▸ **WORK REQUIRED**:
Nothing past the line containing "define w where" belongs in the output. Copy exactly every line of the data below from the first up to and including it.

----- RECORDS -----

text \<open>The tripod point is found as the last point at which the geodesics from y to x and
  from y to z agree.\<close>

lemma tripod:
  assumes "x \<in> T" "y \<in> T" "z \<in> T"
  obtains w where "w \<in> T" "dist_between x w y" "dist_between y w z" "dist_between x w z"
proof -
  define m where "m = min (dist y x) (dist y z)"
  define E where "E = {t \<in> {0..m}. dist (geod y x t) (geod y z t) = 0}"
  have "continuous_on {0..m} (geod y x)" "continuous_on {0..m} (geod y z)"
    by (rule continuous_on_subset[OF continuous_on_geod]; use assms in \<open>auto simp: m_def\<close>)+
  then have "continuous_on {0..m} (\<lambda>t. dist (geod y x t) (geod y z t))"
    by (rule continuous_on_dist)
  then have "closed E" unfolding E_def
    by (rule continuous_closed_preimage_constant) simp
  moreover have "0 \<in> E"
    unfolding E_def m_def using geod_start[OF assms(2,1)] geod_start[OF assms(2,3)] by simp
  moreover have bdd: "bdd_above E" unfolding E_def by (rule bdd_aboveI[of _ m]) auto
  ultimately have "Sup E \<in> E" using closed_contains_Sup by blast
  then have t: "0 \<le> Sup E" "Sup E \<le> dist y x" "Sup E \<le> dist y z" "geod y x (Sup E) = geod y z (Sup E)"
    unfolding E_def m_def by auto
  define w where "w = geod y x (Sup E)"
  have wx: "w \<in> T" "dist y w = Sup E" "dist_between y w x"
    using geod_point[OF assms(2,1) t(1,2)] unfolding w_def by auto
  have wz: "dist_between y w z"
    using geod_point[OF assms(2,3) t(1,3)] t(4) unfolding w_def by auto
  have "dist_between x w z"
  proof (rule no_shortcut_imp_between[OF assms(1) wx(1) assms(3)])
    fix u assume u: "dist_between x u w" "dist_between w u z" "u \<in> T"
    have ux: "dist_between y u x" "dist y u = dist y w + dist w u"
      using dist_between_split[OF wx(3) dist_between_commute[OF u(1)]] unfolding dist_between_def by auto
    have uz: "dist_between y u z"
      using dist_between_split(2)[OF wz u(2)] .
    have "dist y u \<le> dist y x" "dist y u \<le> dist y z"
      using ux(1) uz unfolding dist_between_def by (smt (verit) zero_le_dist)+
    moreover have "u = geod y x (dist y u)" "u = geod y z (dist y u)"
      using between_imp_eq_geod[OF assms(2) u(3) assms(1) ux(1)]
        between_imp_eq_geod[OF assms(2) u(3) assms(3) uz] .
    ultimately have "dist y u \<in> E" unfolding E_def m_def by auto
    then have "dist y u \<le> Sup E" using bdd by (rule cSup_upper)
    then show "u = w" using ux(2) wx(2) by simp
  qed
  then show ?thesis using that wx wz dist_between_commute by blast
qed

lemma between_glue:
  assumes T: "a \<in> T" "b \<in> T" "c \<in> T" "d \<in> T"
    and abc: "dist_between a b c" and bcd: "dist_between b c d" and "b \<noteq> c"
  shows "dist_between a c d"
proof -
  obtain w where w: "w \<in> T" "dist_between a w c" "dist_between c w d" "dist_between a w d"
    using tripod[OF T(1,3,4)] by blast
  have "w = c"
  proof (rule ccontr)
    assume "w \<noteq> c"
    define r where "r = min (dist c w) (dist c b)"
    have r: "r > 0" using \<open>w \<noteq> c\<close> \<open>b \<noteq> c\<close> unfolding r_def by simp
    obtain u where u: "u \<in> T" "dist_between c u w" "dist c u = r"
      using between_at_dist[OF T(3) w(1), of r] r unfolding r_def by auto
    obtain u' where u': "u' \<in> T" "dist_between c u' b" "dist c u' = r"
      using between_at_dist[OF T(3) T(2), of r] r unfolding r_def by auto
    have "u = u'"
      using between_unique[OF T(3) T(1) u(1) u'(1)] u(3) u'(3)
        dist_between_shrink(1)[OF dist_between_commute[OF w(2)] u(2)]
        dist_between_shrink(1)[OF dist_between_commute[OF abc] u'(2)] by simp
    then have "dist_between u c d"
      using dist_between_extend(1)[OF dist_between_commute[OF u'(2)] bcd] by simp
    moreover have "dist_between c u d" using dist_between_shrink(1)[OF w(3) u(2)] .
    ultimately show False using u(3) r unfolding dist_between_def by (simp add: dist_commute)
  qed
  then show ?thesis using w(4) by simp
qed

lemma between_ordered:
  assumes T: "a \<in> T" "b \<in> T" "z1 \<in> T" "z2 \<in> T"
    and "dist_between a z1 b" "dist_between a z2 b" "dist a z1 \<le> dist a z2"
  shows "dist_between a z1 z2"
proof -
  obtain z where z: "z \<in> T" "dist_between a z z2" "dist a z = dist a z1"
    using between_at_dist[OF T(1) T(4), of "dist a z1"] assms(7) by auto
  have "z = z1"
    using between_unique[OF T(1,2) z(1) T(3) dist_between_shrink(1)[OF assms(6) z(2)] assms(5)] z(3) .
  then show ?thesis using z(2) by simp
qed

end

locale tree_action = R_tree T for T :: "'a::metric_space set" +
  fixes G :: "('g, 'm) monoid_scheme" (structure) and \<phi> :: "'g \<Rightarrow> 'a \<Rightarrow> 'a"
  assumes isometric_action: "isometric_action G T \<phi>"
begin

sublocale group G
  using isometric_action unfolding isometric_action_def by simp

lemma group_action: "group_action G T \<phi>"
  using isometric_action unfolding isometric_action_def by simp

lemma act_in_T: "k \<in> carrier G \<Longrightarrow> x \<in> T \<Longrightarrow> \<phi> k x \<in> T"
  using group_action.element_image[OF group_action] by blast

lemma act_dist: "k \<in> carrier G \<Longrightarrow> x \<in> T \<Longrightarrow> y \<in> T \<Longrightarrow> dist (\<phi> k x) (\<phi> k y) = dist x y"
  using isometric_action unfolding isometric_action_def by blast

lemma act_mult: "a \<in> carrier G \<Longrightarrow> b \<in> carrier G \<Longrightarrow> x \<in> T \<Longrightarrow> \<phi> (a \<otimes> b) x = \<phi> a (\<phi> b x)"
  using group_action.composition_rule[OF group_action] by blast

lemma act_one: "x \<in> T \<Longrightarrow> \<phi> \<one> x = x"
  using group_action.id_eq_one[OF group_action] by (metis restrict_apply')

lemma act_inv_act: "k \<in> carrier G \<Longrightarrow> x \<in> T \<Longrightarrow> \<phi> (inv k) (\<phi> k x) = x"
  using act_mult[of "inv k" k x] act_one by simp

lemma act_pow_Suc: "k \<in> carrier G \<Longrightarrow> x \<in> T \<Longrightarrow> \<phi> (k [^] Suc n) x = \<phi> (k [^] n) (\<phi> k x)"
  using act_mult[of "k [^] n" k x] by simp

lemma dist_between_act:
  "k \<in> carrier G \<Longrightarrow> x \<in> T \<Longrightarrow> y \<in> T \<Longrightarrow> z \<in> T \<Longrightarrow> dist_between x z y
    \<Longrightarrow> dist_between (\<phi> k x) (\<phi> k z) (\<phi> k y)"
  unfolding dist_between_def using act_dist by simp

lemma trans_len_le: "p \<in> T \<Longrightarrow> trans_len T \<phi> k \<le> dist p (\<phi> k p)"
  unfolding trans_len_def by (rule cInf_lower) (auto intro: bdd_belowI[of _ 0])

lemma trans_len_ge: "(\<And>p. p \<in> T \<Longrightarrow> a \<le> dist p (\<phi> k p)) \<Longrightarrow> a \<le> trans_len T \<phi> k"
  unfolding trans_len_def using nonempty by (intro cInf_greatest) auto

lemma trans_len_eqI:
  "p \<in> T \<Longrightarrow> dist p (\<phi> k p) = a \<Longrightarrow> (\<And>q. q \<in> T \<Longrightarrow> a \<le> dist q (\<phi> k q)) \<Longrightarrow> trans_len T \<phi> k = a"
  using trans_len_le[of p k] trans_len_ge[of a k] by fastforce

lemma trans_len_elliptic: "elliptic T \<phi> k \<Longrightarrow> trans_len T \<phi> k = 0"
  unfolding elliptic_def by (auto intro: trans_len_eqI)

lemma char_set_elliptic: "elliptic T \<phi> k \<Longrightarrow> char_set T \<phi> k = {p\<in>T. \<phi> k p = p}"
  unfolding char_set_def using trans_len_elliptic by auto

lemma dist_pow_le: "k \<in> carrier G \<Longrightarrow> p \<in> T \<Longrightarrow> dist p (\<phi> (k [^] N) p) \<le> real N * dist p (\<phi> k p)"
proof (induction N)
  case 0
  then show ?case using act_one by simp
next
  case (Suc N)
  have "dist (\<phi> (k [^] N) p) (\<phi> (k [^] Suc N) p) = dist p (\<phi> k p)"
    using act_pow_Suc[OF Suc.prems] act_dist[of "k [^] N" p "\<phi> k p"] act_in_T Suc.prems by simp
  then show ?case
    using Suc dist_triangle[of p "\<phi> (k [^] Suc N) p" "\<phi> (k [^] N) p"] by (simp add: algebra_simps)
qed
lemma not_sgn_eig_opposite_T0_eig:
  assumes Q: "Q \<noteq> 0" and f: "f_poly d Q q \<noteq> 0"
  shows "\<not> sgn_eig sg d Q q (T0_eig (\<not> sg) Q)"
proof
  assume "sgn_eig sg d Q q (T0_eig (\<not> sg) Q)"
  then obtain j where j: "\<bar>j\<bar> < int d"
    and c: "T0_eig (\<not> sg) Q = T0_eig sg Q * q powi (2 * j)"
    unfolding sgn_eig_def by blast
  show False
  proof (cases sg)
    case True
    then have c': "inverse Q * q powi (2 * j) = - Q" using c by simp
    have "q powi (2 * j) = Q * (inverse Q * q powi (2 * j))" using Q by simp
    also have "\<dots> = - (Q ^ 2)" unfolding c' by (simp add: power2_eq_square)
    finally have "q powi (2 * j) = - (Q ^ 2)" .
    then have "inverse (Q ^ 2) + q powi (2 * - j) = 0"
      by (simp add: power_int_minus inverse_minus_eq)
    then show False using f_poly_zero_if[of "- j" d Q q] j f by simp
  next
    case False
    then have c': "- Q * q powi (2 * j) = inverse Q" using c by simp
    have "q powi (2 * j) = inverse (- Q) * (- Q * q powi (2 * j))" using Q by simp
    also have "\<dots> = - inverse (Q ^ 2)"
      unfolding c' by (simp add: power2_eq_square inverse_mult_distrib)
    finally have "q powi (2 * j) = - inverse (Q ^ 2)" .
    then show False using f_poly_zero_if[of j d Q q] j f by simp
  qed
qed

lemma tens_ker_closed_sub: "closed_sub (tens_ker sg Q q n d)"
  unfolding tens_ker_def closed_sub_def by auto

lemma T0_rel_in_tens_ker:
  assumes Q: "Q \<noteq> 0" and f: "f_poly d Q q \<noteq> 0" and d: "0 < d" and w: "w \<in> tens n d"
  shows "(\<lambda>y. Tact Q q n d 0 w y - T0_eig sg Q * w y) \<in> tens_ker sg Q q n d"
  unfolding tens_ker_def
proof (rule InterI, clarify)
  fix W assume W: "closed_sub W"
    and eig: "\<forall>i\<in>{1..d}. \<forall>c. (\<exists>v\<in>tens n d. v \<notin> W \<and> (\<lambda>y. Kact Q q n d i v y - c * v y) \<in> W)
      \<longrightarrow> sgn_eig sg d Q q c"
  define v where "v = (\<lambda>y. Tact Q q n d 0 w y - T0_eig sg Q * w y)"
  have v: "v \<in> tens n d"
    unfolding v_def using w d
    by (intro closed_sub_diff[OF closed_sub_tens] Tact_tens closed_sub_scale[OF closed_sub_tens])
  have "(\<lambda>y. Kact Q q n d 1 v y - T0_eig (\<not> sg) Q * v y) = (\<lambda>y. 0)"
    unfolding Kact_def v_def using Tact_T0_eigenvector[OF w d Q, where sg = sg] by simp
  then have K1: "(\<lambda>y. Kact Q q n d 1 v y - T0_eig (\<not> sg) Q * v y) \<in> W"
    using closed_sub_zero[OF W] by simp
  have "1 \<in> {1..d}" using d by simp
  then have "v \<notin> W \<Longrightarrow> sgn_eig sg d Q q (T0_eig (\<not> sg) Q)"
    using eig v K1 by blast
  then show "v \<in> W" using not_sgn_eig_opposite_T0_eig[OF Q f] by blast
qed

lemma tens_ker_subset:
  assumes W: "closed_sub W" and Wt: "W \<subseteq> tens n d"
    and k_sgn: "\<And>i. i \<in> {1..d} \<Longrightarrow> sgn_eig sg d Q q (k i)"
    and k_mod: "\<And>i v. i \<in> {1..d} \<Longrightarrow> v \<in> tens n d \<Longrightarrow> (\<lambda>y. Kact Q q n d i v y - k i * v y) \<in> W"
  shows "tens_ker sg Q q n d \<subseteq> W"
  unfolding tens_ker_def
proof (rule Inter_lower, safe)
  show "closed_sub W" "\<And>x. x \<in> W \<Longrightarrow> x \<in> tens n d" using W Wt by auto
next
  fix i w assume i: "i \<in> {1..d}" and w: "w \<in> W"
  have "(\<lambda>y. (Kact Q q n d i w y - k i * w y) + k i * w y) \<in> W"
    using closed_sub_add[OF W k_mod[OF i] closed_sub_scale[OF W w]] w Wt by blast
  then show "Kact Q q n d i w \<in> W" by simp
next
  fix i c v assume i: "i \<in> {1..d}" and "v \<in> tens n d" "v \<notin> W"
    and "(\<lambda>y. Kact Q q n d i v y - c * v y) \<in> W"
  then have "c = k i" using eigenvalue_mod_unique[OF W] k_mod by blast
  then show "sgn_eig sg d Q q c" using k_sgn[OF i] by simp
qed

lemma sgn_eig_K_scalar:
  assumes c: "c ^ 2 = q ^ 2 \<or> c ^ 2 = inverse q ^ 2" and i: "i \<in> {1..d}"
  shows "sgn_eig sg d Q q (T0_eig sg Q * c ^ (2 * (i - 1)))"
proof -
  have cp: "c ^ (2 * (i - 1)) = (c ^ 2) ^ (i - 1)" by (simp add: power_mult)
  have e: "2 * (int i - 1) = int (2 * (i - 1))" using i by auto
  obtain j where "\<bar>j\<bar> < int d" and "c ^ (2 * (i - 1)) = q powi (2 * j)"
  proof (cases "c ^ 2 = q ^ 2")
    case True
    then show ?thesis
      using that[of "int i - 1"] i cp unfolding e power_int_of_nat by (simp add: power_mult)
  next
    case False
    then have "c ^ 2 = inverse q ^ 2" using c by blast
    then show ?thesis
      using that[of "- (int i - 1)"] i cp
      unfolding mult_minus_right e power_int_minus power_int_of_nat
      by (simp add: power_mult power_inverse)
  qed
  then show ?thesis unfolding sgn_eig_def by auto
qed

subsection \<open>The pushout squares\<close>

definition Ti_rels :: "'a::field \<Rightarrow> 'a \<Rightarrow> 'a \<Rightarrow> nat \<Rightarrow> nat \<Rightarrow> (int list \<Rightarrow> 'a) set" where
  "Ti_rels c Q q n d = {(\<lambda>y. Tact Q q n d i w y - c * w y) | i w. 0 < i \<and> i < d \<and> w \<in> tens n d}"

lemma sym_rels_eq_Ti_rels: "sym_rels Q q n d = Ti_rels (inverse q) Q q n d"
  unfolding sym_rels_def Ti_rels_def by simp

lemma wedge_rels_eq_Ti_rels: "wedge_rels Q q n d = Ti_rels (- q) Q q n d"
  unfolding wedge_rels_def Ti_rels_def by simp

lemma lspan_rels_subset_tens: "lspan (T0_rels sg Q q n d \<union> Ti_rels c Q q n d) \<subseteq> tens n d"
proof (rule lspan_least[OF closed_sub_tens], rule subsetI)
  fix x assume "x \<in> T0_rels sg Q q n d \<union> Ti_rels c Q q n d"
  then obtain i w c' where "x = (\<lambda>y. Tact Q q n d i w y - c' * w y)" "i < d" "w \<in> tens n d"
    unfolding T0_rels_def Ti_rels_def by blast
  then show "x \<in> tens n d"
    by (metis Tact_tens closed_sub_diff closed_sub_scale closed_sub_tens)
qed

lemma Tact_scalar_mod_rels:
  assumes "w \<in> tens n d" and "i < d"
  shows "(\<lambda>y. Tact Q q n d i w y - (if i = 0 then T0_eig sg Q else c) * w y)
    \<in> lspan (T0_rels sg Q q n d \<union> Ti_rels c Q q n d)"
proof -
  have "(\<lambda>y. Tact Q q n d i w y - (if i = 0 then T0_eig sg Q else c) * w y)
      \<in> T0_rels sg Q q n d \<union> Ti_rels c Q q n d"
    using assms unfolding T0_rels_def Ti_rels_def by (cases "i = 0") auto
  then show ?thesis using lspan_superset by blast
qed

-----

▸ **SOLUTION BELOW**:
text \<open>The tripod point is found as the last point at which the geodesics from y to x and
  from y to z agree.\<close>

lemma tripod:
  assumes "x \<in> T" "y \<in> T" "z \<in> T"
  obtains w where "w \<in> T" "dist_between x w y" "dist_between y w z" "dist_between x w z"
proof -
  define m where "m = min (dist y x) (dist y z)"
  define E where "E = {t \<in> {0..m}. dist (geod y x t) (geod y z t) = 0}"
  have "continuous_on {0..m} (geod y x)" "continuous_on {0..m} (geod y z)"
    by (rule continuous_on_subset[OF continuous_on_geod]; use assms in \<open>auto simp: m_def\<close>)+
  then have "continuous_on {0..m} (\<lambda>t. dist (geod y x t) (geod y z t))"
    by (rule continuous_on_dist)
  then have "closed E" unfolding E_def
    by (rule continuous_closed_preimage_constant) simp
  moreover have "0 \<in> E"
    unfolding E_def m_def using geod_start[OF assms(2,1)] geod_start[OF assms(2,3)] by simp
  moreover have bdd: "bdd_above E" unfolding E_def by (rule bdd_aboveI[of _ m]) auto
  ultimately have "Sup E \<in> E" using closed_contains_Sup by blast
  then have t: "0 \<le> Sup E" "Sup E \<le> dist y x" "Sup E \<le> dist y z" "geod y x (Sup E) = geod y z (Sup E)"
    unfolding E_def m_def by auto
  define w where "w = geod y x (Sup E)"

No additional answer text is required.